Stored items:
-- Opening Marker --

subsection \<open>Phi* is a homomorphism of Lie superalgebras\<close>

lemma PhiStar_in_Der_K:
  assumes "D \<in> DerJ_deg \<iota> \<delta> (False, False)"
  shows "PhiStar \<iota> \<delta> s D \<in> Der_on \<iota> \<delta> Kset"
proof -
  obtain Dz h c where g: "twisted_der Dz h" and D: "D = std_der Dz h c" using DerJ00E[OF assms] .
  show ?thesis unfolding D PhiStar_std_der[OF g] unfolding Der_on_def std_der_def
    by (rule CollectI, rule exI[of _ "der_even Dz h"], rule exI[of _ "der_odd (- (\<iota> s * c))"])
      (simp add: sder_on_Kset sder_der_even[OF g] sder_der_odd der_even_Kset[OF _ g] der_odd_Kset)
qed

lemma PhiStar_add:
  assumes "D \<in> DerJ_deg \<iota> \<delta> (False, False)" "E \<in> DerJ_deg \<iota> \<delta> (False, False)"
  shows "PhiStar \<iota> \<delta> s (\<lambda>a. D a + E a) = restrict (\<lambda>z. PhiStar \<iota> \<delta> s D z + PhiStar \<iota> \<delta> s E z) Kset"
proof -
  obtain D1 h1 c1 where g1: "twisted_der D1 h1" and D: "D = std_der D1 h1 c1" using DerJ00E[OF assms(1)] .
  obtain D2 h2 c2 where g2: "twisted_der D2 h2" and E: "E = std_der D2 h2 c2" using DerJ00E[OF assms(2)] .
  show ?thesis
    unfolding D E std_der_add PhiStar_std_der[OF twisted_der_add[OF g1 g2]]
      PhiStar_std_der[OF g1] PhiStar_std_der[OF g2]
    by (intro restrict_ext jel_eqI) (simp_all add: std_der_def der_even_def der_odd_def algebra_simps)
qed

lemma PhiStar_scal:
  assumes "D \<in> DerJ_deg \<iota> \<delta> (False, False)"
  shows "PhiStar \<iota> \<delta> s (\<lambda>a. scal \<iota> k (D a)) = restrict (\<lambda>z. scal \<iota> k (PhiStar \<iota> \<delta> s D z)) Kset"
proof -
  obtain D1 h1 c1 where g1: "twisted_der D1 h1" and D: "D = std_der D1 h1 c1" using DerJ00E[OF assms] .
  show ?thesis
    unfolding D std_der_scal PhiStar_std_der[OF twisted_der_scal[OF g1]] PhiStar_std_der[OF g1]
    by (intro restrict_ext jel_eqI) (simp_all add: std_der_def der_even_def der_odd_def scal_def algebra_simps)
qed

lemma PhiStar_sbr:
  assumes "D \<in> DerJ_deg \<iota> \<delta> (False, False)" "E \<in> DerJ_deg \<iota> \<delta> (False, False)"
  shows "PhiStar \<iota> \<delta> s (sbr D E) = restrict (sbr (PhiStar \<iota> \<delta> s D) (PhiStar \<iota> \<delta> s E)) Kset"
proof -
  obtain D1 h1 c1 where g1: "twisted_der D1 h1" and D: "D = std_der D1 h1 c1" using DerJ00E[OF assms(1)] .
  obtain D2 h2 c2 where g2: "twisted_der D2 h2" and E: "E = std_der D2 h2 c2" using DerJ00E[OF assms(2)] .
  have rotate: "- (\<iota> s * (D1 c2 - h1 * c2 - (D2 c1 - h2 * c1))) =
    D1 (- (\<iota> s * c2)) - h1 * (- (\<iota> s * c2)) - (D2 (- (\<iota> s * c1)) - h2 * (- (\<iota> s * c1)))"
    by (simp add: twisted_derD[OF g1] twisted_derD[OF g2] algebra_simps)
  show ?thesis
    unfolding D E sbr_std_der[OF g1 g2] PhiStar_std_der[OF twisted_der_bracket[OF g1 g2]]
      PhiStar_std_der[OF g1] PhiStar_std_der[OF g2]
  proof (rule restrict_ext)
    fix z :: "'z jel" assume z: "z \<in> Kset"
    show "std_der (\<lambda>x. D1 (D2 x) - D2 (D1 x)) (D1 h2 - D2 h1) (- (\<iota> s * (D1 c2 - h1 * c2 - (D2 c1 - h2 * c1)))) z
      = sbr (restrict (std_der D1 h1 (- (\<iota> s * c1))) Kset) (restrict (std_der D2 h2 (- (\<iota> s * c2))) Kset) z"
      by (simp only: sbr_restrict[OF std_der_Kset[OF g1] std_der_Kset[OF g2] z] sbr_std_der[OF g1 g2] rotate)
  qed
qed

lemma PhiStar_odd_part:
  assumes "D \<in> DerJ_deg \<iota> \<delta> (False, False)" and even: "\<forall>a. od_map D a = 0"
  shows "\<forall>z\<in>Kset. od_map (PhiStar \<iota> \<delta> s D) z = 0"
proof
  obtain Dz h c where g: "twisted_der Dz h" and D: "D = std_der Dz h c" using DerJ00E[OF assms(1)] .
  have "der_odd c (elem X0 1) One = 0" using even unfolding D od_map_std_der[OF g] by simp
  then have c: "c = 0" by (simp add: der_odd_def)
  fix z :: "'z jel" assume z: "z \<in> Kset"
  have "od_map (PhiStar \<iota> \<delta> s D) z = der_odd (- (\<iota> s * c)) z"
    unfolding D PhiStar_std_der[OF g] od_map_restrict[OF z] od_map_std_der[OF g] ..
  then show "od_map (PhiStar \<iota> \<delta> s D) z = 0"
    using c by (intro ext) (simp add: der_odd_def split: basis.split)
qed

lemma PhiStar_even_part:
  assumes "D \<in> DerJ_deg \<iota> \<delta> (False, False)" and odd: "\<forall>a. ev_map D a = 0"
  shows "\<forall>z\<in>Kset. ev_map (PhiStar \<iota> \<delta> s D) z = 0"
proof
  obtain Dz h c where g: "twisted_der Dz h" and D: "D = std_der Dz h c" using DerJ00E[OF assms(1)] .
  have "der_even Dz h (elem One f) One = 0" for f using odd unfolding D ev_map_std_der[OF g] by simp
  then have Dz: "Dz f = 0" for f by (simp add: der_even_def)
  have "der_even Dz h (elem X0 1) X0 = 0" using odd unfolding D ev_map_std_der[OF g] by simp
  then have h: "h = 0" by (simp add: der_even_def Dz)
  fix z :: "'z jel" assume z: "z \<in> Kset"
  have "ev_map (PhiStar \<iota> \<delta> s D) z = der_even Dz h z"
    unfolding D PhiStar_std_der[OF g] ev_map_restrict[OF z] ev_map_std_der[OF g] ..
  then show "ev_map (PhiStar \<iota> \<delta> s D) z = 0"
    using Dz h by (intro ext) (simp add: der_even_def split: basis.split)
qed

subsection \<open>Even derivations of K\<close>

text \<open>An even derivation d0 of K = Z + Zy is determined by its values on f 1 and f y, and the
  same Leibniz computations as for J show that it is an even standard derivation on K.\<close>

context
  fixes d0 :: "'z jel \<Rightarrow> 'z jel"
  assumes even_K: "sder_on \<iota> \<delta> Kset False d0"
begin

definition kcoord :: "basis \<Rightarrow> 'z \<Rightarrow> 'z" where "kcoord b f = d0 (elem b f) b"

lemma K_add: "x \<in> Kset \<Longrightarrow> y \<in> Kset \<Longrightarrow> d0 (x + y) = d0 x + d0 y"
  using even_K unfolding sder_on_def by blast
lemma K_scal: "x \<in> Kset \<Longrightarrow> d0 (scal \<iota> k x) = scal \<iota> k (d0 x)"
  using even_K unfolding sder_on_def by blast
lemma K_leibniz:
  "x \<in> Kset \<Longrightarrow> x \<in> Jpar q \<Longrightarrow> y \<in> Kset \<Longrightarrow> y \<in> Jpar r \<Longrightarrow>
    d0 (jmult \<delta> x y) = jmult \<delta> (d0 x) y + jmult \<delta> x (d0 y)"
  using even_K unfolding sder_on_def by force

-- Closing Marker --
-- Opening Marker --

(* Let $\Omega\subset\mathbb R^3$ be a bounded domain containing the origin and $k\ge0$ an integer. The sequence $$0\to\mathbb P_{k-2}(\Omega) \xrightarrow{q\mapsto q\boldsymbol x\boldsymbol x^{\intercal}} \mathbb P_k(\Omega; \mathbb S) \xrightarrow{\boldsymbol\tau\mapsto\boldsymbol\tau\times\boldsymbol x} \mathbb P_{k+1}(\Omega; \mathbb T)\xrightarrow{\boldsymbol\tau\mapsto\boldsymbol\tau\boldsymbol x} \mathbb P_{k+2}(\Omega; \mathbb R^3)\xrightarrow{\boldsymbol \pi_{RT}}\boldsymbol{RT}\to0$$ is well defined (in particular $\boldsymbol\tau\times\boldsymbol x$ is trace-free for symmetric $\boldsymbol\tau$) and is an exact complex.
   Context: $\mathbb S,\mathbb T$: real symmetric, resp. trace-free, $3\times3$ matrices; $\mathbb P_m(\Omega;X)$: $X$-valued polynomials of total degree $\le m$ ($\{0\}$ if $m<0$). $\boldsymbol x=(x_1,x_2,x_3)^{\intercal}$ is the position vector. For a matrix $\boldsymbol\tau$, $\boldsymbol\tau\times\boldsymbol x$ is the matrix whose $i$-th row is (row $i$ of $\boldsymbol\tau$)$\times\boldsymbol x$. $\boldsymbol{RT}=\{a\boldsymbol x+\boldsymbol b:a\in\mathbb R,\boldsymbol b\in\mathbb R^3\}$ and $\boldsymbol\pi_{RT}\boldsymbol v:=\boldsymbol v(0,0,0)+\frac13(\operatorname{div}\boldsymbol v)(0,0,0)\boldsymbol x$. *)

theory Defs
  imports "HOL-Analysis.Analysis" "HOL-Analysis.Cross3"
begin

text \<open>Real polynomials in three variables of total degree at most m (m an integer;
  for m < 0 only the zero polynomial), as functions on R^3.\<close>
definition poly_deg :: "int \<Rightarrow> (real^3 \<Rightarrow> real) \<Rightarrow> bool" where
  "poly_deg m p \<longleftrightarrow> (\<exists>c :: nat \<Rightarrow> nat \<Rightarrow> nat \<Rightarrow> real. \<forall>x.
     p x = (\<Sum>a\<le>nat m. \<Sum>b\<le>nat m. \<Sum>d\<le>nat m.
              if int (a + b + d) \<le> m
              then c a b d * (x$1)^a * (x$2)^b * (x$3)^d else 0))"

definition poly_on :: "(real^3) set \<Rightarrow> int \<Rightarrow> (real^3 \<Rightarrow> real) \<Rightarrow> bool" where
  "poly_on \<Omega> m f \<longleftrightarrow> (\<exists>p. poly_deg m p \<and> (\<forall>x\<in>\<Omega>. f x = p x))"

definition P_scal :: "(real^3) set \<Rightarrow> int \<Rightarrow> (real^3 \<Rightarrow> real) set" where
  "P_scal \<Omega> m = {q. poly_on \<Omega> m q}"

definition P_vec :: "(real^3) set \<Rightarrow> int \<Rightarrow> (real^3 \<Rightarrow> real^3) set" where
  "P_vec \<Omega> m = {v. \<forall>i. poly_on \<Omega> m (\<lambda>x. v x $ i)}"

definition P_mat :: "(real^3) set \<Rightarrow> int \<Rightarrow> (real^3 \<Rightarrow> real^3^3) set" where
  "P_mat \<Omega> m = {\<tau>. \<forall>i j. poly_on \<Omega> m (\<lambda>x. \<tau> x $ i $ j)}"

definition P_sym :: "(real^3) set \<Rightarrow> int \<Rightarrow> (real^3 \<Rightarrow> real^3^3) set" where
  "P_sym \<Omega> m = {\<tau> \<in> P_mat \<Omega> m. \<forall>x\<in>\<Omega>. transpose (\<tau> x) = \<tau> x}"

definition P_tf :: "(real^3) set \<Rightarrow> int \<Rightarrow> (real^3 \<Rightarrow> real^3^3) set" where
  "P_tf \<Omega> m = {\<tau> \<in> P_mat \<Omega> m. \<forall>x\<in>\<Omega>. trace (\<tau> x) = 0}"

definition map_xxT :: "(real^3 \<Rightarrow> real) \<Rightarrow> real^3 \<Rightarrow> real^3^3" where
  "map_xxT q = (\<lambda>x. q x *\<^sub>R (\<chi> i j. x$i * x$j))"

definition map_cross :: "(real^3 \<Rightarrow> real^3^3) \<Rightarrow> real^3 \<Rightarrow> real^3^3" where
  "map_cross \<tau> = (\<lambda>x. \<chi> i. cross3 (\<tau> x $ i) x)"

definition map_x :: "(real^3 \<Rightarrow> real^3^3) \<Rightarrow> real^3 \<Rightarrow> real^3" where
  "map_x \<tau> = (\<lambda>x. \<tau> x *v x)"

-- Closing Marker --

▶ TASK STATEMENT:
Filter the entries down to the lines that hold "split". Copy those lines.

▶ SOLUTION:
    using c by (intro ext) (simp add: der_odd_def split: basis.split)
    using Dz h by (intro ext) (simp add: der_even_def split: basis.split)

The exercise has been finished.